Records drawn from a dataset
********************

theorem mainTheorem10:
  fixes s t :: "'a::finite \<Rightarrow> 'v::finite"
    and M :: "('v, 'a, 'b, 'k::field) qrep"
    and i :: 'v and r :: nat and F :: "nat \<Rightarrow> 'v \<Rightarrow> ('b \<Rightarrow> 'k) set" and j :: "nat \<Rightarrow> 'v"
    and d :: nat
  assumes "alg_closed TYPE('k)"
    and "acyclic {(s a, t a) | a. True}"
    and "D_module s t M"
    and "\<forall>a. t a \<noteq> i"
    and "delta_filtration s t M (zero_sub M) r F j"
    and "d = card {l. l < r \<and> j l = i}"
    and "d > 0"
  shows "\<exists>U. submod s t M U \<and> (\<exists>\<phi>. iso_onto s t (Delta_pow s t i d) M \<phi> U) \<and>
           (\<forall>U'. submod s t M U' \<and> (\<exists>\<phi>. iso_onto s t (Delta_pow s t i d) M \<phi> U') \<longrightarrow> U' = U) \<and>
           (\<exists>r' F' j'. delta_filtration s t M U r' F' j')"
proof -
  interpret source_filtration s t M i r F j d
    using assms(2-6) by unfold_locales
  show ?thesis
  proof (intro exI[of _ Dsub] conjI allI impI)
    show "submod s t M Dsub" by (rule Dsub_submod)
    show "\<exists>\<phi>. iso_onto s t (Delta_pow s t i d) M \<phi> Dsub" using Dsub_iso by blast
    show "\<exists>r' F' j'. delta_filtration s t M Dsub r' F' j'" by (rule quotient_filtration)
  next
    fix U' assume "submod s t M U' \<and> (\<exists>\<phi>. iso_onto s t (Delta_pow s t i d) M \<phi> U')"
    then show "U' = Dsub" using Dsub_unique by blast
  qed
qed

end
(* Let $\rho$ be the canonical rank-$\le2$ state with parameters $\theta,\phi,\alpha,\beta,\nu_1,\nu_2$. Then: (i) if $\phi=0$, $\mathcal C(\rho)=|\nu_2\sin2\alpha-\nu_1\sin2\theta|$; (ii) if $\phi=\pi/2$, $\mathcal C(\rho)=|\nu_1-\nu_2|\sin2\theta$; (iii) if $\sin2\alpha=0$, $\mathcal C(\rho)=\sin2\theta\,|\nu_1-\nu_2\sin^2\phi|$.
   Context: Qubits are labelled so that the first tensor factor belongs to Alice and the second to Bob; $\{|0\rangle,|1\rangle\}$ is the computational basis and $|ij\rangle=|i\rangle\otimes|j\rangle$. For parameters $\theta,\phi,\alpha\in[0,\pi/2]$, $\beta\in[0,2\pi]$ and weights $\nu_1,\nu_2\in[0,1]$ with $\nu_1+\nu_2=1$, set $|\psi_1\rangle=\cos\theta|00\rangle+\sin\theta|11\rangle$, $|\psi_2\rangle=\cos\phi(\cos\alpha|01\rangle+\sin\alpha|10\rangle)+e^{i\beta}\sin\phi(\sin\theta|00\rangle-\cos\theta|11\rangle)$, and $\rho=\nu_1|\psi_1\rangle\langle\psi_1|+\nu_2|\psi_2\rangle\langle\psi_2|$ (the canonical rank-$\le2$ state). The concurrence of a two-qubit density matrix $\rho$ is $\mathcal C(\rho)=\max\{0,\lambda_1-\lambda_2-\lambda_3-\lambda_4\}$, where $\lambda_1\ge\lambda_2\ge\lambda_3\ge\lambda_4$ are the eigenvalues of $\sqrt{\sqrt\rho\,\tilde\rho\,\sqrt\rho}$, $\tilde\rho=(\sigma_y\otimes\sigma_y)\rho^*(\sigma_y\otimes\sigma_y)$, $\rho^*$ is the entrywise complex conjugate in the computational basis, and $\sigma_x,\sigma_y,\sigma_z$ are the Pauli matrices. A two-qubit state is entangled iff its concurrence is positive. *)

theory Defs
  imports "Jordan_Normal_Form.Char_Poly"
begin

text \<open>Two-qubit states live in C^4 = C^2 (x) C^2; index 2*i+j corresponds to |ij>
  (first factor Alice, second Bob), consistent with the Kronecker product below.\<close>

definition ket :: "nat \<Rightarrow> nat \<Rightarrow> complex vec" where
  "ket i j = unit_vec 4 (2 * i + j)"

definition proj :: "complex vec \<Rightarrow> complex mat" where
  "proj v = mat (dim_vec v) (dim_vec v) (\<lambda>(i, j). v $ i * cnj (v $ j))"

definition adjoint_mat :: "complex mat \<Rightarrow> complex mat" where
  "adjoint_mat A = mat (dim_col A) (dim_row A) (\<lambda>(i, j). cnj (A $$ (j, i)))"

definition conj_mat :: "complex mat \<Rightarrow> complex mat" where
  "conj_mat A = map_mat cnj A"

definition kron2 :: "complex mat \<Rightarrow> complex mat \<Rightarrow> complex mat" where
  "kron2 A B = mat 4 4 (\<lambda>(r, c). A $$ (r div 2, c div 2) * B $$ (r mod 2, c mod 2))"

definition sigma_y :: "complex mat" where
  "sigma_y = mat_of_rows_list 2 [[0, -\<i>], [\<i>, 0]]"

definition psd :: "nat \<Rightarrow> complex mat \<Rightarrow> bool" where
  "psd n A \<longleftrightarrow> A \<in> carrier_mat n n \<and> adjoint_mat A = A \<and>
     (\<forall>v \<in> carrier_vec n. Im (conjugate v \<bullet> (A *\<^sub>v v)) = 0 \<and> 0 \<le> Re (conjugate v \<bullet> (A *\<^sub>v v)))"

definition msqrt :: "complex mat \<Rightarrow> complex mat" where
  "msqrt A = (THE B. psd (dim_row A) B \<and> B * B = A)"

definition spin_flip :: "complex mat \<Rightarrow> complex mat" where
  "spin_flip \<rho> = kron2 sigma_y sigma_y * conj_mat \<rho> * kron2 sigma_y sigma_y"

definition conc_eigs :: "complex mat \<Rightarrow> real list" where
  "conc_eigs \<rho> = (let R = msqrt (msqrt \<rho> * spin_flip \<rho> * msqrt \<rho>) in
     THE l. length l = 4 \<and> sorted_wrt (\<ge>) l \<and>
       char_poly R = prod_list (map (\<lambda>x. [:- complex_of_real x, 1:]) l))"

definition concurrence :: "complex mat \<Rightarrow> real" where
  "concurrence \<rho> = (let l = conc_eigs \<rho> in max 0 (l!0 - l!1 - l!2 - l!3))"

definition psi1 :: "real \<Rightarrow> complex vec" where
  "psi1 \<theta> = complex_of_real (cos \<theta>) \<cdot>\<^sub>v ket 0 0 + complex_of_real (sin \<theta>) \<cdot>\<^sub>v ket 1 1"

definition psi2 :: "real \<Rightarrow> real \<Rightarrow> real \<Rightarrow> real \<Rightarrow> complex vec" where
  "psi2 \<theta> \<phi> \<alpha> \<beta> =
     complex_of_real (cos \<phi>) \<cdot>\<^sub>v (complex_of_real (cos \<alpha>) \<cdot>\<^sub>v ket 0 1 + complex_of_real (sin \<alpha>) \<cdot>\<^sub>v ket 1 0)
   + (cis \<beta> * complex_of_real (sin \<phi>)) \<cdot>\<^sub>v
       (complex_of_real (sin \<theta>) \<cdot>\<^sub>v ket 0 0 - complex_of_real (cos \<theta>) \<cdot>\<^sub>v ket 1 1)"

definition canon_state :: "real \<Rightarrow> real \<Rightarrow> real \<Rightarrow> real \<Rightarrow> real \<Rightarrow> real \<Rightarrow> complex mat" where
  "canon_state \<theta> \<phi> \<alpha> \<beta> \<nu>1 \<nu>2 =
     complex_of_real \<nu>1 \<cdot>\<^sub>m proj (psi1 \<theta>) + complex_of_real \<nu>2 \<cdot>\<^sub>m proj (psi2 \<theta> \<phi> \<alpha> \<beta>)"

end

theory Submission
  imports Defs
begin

********************

* YOUR OBJECTIVE
For this task, write out exactly the lines of the entries above, starting at the line with "mat \<Rightarrow> complex mat \<Rightarrow>" and ending at the line with "(THE B. psd", both included, and no others.

* ANSWER SPACE
definition kron2 :: "complex mat \<Rightarrow> complex mat \<Rightarrow> complex mat" where
  "kron2 A B = mat 4 4 (\<lambda>(r, c). A $$ (r div 2, c div 2) * B $$ (r mod 2, c mod 2))"

definition sigma_y :: "complex mat" where
  "sigma_y = mat_of_rows_list 2 [[0, -\<i>], [\<i>, 0]]"

definition psd :: "nat \<Rightarrow> complex mat \<Rightarrow> bool" where
  "psd n A \<longleftrightarrow> A \<in> carrier_mat n n \<and> adjoint_mat A = A \<and>
     (\<forall>v \<in> carrier_vec n. Im (conjugate v \<bullet> (A *\<^sub>v v)) = 0 \<and> 0 \<le> Re (conjugate v \<bullet> (A *\<^sub>v v)))"

definition msqrt :: "complex mat \<Rightarrow> complex mat" where
  "msqrt A = (THE B. psd (dim_row A) B \<and> B * B = A)"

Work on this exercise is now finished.